**Source material**
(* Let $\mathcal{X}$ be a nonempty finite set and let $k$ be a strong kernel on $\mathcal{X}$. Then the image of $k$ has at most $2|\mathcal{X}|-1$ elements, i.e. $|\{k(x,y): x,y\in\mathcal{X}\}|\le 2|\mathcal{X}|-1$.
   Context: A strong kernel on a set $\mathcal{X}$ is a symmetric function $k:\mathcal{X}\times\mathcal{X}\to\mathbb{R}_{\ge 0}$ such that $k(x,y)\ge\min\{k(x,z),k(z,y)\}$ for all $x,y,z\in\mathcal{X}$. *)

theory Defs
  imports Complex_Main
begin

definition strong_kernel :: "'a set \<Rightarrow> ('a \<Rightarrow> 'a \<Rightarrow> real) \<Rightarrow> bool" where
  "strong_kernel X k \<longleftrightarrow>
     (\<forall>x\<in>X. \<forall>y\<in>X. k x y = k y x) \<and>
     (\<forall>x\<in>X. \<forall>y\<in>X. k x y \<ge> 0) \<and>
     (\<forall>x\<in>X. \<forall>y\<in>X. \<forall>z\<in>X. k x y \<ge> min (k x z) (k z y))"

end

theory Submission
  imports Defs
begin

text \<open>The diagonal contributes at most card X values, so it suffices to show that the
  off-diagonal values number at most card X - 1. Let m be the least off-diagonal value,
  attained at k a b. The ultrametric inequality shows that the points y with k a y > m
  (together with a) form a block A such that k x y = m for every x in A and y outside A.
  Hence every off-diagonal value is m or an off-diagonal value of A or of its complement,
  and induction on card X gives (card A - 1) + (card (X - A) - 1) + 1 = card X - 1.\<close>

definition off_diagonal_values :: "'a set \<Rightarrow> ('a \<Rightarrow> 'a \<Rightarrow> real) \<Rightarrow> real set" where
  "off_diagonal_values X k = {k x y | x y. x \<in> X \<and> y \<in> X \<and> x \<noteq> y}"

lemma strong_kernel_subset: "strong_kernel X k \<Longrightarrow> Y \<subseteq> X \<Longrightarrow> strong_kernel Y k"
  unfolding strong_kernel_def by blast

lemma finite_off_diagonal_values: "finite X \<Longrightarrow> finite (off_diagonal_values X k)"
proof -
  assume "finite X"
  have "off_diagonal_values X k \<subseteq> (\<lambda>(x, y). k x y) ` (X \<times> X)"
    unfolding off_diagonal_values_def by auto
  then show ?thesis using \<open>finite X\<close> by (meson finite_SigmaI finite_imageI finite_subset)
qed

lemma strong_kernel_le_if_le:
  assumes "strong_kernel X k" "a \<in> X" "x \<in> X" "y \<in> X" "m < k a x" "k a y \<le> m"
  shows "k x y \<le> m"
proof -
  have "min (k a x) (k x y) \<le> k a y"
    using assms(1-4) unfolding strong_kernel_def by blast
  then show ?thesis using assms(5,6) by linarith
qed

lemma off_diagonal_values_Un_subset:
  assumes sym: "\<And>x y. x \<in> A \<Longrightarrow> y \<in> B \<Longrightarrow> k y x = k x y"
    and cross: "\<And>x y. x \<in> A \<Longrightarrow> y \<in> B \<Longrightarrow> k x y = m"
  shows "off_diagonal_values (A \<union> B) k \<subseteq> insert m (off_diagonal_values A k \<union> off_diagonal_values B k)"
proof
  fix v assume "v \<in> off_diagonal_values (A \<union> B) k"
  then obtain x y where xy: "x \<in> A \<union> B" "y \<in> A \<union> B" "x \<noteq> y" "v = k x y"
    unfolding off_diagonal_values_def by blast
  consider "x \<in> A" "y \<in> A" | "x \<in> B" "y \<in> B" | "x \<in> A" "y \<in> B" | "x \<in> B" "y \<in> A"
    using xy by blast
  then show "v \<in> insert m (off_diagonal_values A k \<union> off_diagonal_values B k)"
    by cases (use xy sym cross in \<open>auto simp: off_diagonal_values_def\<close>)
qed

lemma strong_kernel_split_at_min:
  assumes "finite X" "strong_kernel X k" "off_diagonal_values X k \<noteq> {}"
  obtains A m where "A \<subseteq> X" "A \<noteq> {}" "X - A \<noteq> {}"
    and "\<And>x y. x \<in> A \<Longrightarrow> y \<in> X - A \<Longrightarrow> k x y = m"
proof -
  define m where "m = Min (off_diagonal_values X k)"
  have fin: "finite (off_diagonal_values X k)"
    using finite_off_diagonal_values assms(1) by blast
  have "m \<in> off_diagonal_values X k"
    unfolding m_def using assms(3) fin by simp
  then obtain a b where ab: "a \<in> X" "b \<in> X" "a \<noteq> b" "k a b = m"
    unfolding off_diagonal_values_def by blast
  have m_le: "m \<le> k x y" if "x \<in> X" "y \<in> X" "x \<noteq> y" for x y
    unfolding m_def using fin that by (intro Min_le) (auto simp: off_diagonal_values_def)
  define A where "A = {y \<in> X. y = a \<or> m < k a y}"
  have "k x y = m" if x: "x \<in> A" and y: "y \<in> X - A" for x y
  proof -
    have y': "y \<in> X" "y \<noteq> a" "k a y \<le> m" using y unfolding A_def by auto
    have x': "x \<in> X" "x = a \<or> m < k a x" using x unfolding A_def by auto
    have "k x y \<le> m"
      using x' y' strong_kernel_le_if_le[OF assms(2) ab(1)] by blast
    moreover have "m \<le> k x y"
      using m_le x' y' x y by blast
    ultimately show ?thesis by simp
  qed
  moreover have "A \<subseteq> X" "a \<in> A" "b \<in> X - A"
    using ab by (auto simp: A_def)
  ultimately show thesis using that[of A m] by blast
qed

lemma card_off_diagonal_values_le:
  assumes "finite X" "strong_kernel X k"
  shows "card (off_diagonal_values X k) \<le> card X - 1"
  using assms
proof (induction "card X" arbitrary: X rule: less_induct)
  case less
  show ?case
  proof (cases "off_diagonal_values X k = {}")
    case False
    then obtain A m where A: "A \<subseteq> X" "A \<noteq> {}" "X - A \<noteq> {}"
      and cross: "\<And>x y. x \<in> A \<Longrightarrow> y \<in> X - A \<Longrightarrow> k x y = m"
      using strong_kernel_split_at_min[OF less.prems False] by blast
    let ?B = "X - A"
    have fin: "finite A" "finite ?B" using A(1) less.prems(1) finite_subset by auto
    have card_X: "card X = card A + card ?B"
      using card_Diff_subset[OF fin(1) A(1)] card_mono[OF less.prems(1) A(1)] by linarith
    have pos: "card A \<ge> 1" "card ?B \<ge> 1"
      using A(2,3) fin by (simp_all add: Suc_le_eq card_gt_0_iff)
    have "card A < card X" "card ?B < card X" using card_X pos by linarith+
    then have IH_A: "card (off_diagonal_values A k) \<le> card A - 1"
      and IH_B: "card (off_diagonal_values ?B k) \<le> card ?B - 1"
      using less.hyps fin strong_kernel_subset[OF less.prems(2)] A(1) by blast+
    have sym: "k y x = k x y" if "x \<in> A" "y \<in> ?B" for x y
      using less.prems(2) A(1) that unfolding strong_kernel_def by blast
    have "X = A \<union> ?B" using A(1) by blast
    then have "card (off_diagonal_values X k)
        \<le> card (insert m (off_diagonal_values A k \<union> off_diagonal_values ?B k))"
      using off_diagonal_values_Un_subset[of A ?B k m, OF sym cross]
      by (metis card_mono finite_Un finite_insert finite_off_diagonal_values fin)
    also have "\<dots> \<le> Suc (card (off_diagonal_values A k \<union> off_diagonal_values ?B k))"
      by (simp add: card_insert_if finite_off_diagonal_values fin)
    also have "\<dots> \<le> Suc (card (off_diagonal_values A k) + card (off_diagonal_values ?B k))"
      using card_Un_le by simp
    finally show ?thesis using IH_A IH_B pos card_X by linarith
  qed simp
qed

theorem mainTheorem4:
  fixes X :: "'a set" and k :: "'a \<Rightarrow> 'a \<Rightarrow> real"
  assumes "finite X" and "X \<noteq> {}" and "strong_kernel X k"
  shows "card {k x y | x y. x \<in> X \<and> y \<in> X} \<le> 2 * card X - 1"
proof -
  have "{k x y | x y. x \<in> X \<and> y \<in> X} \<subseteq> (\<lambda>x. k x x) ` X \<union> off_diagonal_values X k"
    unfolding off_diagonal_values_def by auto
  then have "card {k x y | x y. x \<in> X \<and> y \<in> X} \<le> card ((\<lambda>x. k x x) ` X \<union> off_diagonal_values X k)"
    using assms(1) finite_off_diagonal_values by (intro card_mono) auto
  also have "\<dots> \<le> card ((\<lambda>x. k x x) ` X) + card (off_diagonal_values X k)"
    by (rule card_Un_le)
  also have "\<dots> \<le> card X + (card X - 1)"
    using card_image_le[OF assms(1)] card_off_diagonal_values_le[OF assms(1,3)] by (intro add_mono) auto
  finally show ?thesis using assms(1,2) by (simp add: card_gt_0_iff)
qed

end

**What you will do**
Looking back over the data above, restate word for word the lines that begin at the line with "using assms(1-4) unfolding" and end at the line with "B \<Longrightarrow> k x", inclusive.

**Reply to the exercise**
    using assms(1-4) unfolding strong_kernel_def by blast
  then show ?thesis using assms(5,6) by linarith
qed

lemma off_diagonal_values_Un_subset:
  assumes sym: "\<And>x y. x \<in> A \<Longrightarrow> y \<in> B \<Longrightarrow> k y x = k x y"
    and cross: "\<And>x y. x \<in> A \<Longrightarrow> y \<in> B \<Longrightarrow> k x y = m"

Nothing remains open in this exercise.